### Work item
Lines from the one containing "powr r)) - S" through the end of the data below are to be transcribed exactly; leave out all others.

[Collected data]
lemma eqrf2_error_step:
  fixes S :: "real \<Rightarrow> 'a::banach \<Rightarrow> 'a"
  assumes S: "c0_semigroup S" and tau: "tau > 0" and r: "r > 0" and hc: "continuous_on {0..} h"
  shows "mild_sol S h r y0 (real (Suc n) * tau) - eqrf2 S h r c1 c2 tau y0 (Suc n)
       = S tau (mild_sol S h r y0 (real n * tau) - eqrf2 S h r c1 c2 tau y0 n)
         + local_defect S h r c1 c2 tau (real n * tau)"
proof -
  define a where "a = real n * tau"
  define a0 where "a0 = alpha0 h r c1 c2 tau a"
  define a1 where "a1 = alpha1 h r c1 c2 tau a"
  have a: "a \<ge> 0" "real (Suc n) * tau = a + tau" using tau by (simp_all add: a_def algebra_simps)
  have hr: "continuous_on {a..a+tau} (\<lambda>s. h (s powr r))"
    by (rule continuous_on_compose2[OF hc]) (use a in \<open>auto intro!: continuous_intros continuous_on_powr' simp: r\<close>)
  have "continuous_on {a..a+tau} (\<lambda>s. S (a + tau - s) (h (s powr r)))"
    by (rule continuous_on_c0_semigroup[OF S _ hr, where L = tau]) (auto intro!: continuous_intros)
  moreover have "continuous_on {a..a+tau} (\<lambda>s. S (a + tau - s) (a0 + (s powr r) *\<^sub>R a1))"
    by (rule continuous_on_c0_semigroup[OF S, where L = tau])
       (use a in \<open>auto intro!: continuous_intros continuous_on_powr' simp: r\<close>)
  ultimately have "integral {a..a+tau} (\<lambda>s. S (a + tau - s) (h (s powr r)))
        - integral {a..a+tau} (\<lambda>s. S (a + tau - s) (a0 + (s powr r) *\<^sub>R a1))
      = integral {a..a+tau} (\<lambda>s. S (a + tau - s) (h (s powr r)) - S (a + tau - s) (a0 + (s powr r) *\<^sub>R a1))"
    by (intro integral_diff[symmetric] integrable_continuous_real)
  also have "\<dots> = local_defect S h r c1 c2 tau a"
    unfolding local_defect_def interp_residual_def a0_def a1_def
    using c0_semigroup_bounded_linear[OF S] by (intro integral_cong) (simp add: linear_simps)
  finally have defect: "integral {a..a+tau} (\<lambda>s. S (a + tau - s) (h (s powr r)))
        - integral {a..a+tau} (\<lambda>s. S (a + tau - s) (a0 + (s powr r) *\<^sub>R a1))
      = local_defect S h r c1 c2 tau a" .
  have "eqrf2 S h r c1 c2 tau y0 (Suc n) = S tau (eqrf2 S h r c1 c2 tau y0 n)
      + (tau *\<^sub>R phi S 1 tau a0 + Gamma (1 + r) *\<^sub>R
             (((a + tau) powr (1 + r)) *\<^sub>R phi S (1 + r) (a + tau) a1
              - (a powr (1 + r)) *\<^sub>R S tau (phi S (1 + r) a a1)))"
    by (simp add: Let_def a_def a0_def a1_def)
  then have scheme: "eqrf2 S h r c1 c2 tau y0 (Suc n) = S tau (eqrf2 S h r c1 c2 tau y0 n)
      + integral {a..a+tau} (\<lambda>s. S (a + tau - s) (a0 + (s powr r) *\<^sub>R a1))"
    by (simp only: eqrf2_increment_integral[OF S a(1) tau r])
  have "S tau (mild_sol S h r y0 a - eqrf2 S h r c1 c2 tau y0 n)
      = S tau (mild_sol S h r y0 a) - S tau (eqrf2 S h r c1 c2 tau y0 n)"
    using c0_semigroup_bounded_linear[OF S, of tau] tau by (simp add: linear_simps)
  then show ?thesis
    unfolding a_def[symmetric] a(2) mild_sol_step[OF S a(1) tau r hc] scheme defect[symmetric]
    by (simp only: add_diff_add)
qed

### Task solution
      = integral {a..a+tau} (\<lambda>s. S (a + tau - s) (h (s powr r)) - S (a + tau - s) (a0 + (s powr r) *\<^sub>R a1))"
    by (intro integral_diff[symmetric] integrable_continuous_real)
  also have "\<dots> = local_defect S h r c1 c2 tau a"
    unfolding local_defect_def interp_residual_def a0_def a1_def
    using c0_semigroup_bounded_linear[OF S] by (intro integral_cong) (simp add: linear_simps)
  finally have defect: "integral {a..a+tau} (\<lambda>s. S (a + tau - s) (h (s powr r)))
        - integral {a..a+tau} (\<lambda>s. S (a + tau - s) (a0 + (s powr r) *\<^sub>R a1))
      = local_defect S h r c1 c2 tau a" .
  have "eqrf2 S h r c1 c2 tau y0 (Suc n) = S tau (eqrf2 S h r c1 c2 tau y0 n)
      + (tau *\<^sub>R phi S 1 tau a0 + Gamma (1 + r) *\<^sub>R
             (((a + tau) powr (1 + r)) *\<^sub>R phi S (1 + r) (a + tau) a1
              - (a powr (1 + r)) *\<^sub>R S tau (phi S (1 + r) a a1)))"
    by (simp add: Let_def a_def a0_def a1_def)
  then have scheme: "eqrf2 S h r c1 c2 tau y0 (Suc n) = S tau (eqrf2 S h r c1 c2 tau y0 n)
      + integral {a..a+tau} (\<lambda>s. S (a + tau - s) (a0 + (s powr r) *\<^sub>R a1))"
    by (simp only: eqrf2_increment_integral[OF S a(1) tau r])
  have "S tau (mild_sol S h r y0 a - eqrf2 S h r c1 c2 tau y0 n)
      = S tau (mild_sol S h r y0 a) - S tau (eqrf2 S h r c1 c2 tau y0 n)"
    using c0_semigroup_bounded_linear[OF S, of tau] tau by (simp add: linear_simps)
  then show ?thesis
    unfolding a_def[symmetric] a(2) mild_sol_step[OF S a(1) tau r hc] scheme defect[symmetric]
    by (simp only: add_diff_add)
qed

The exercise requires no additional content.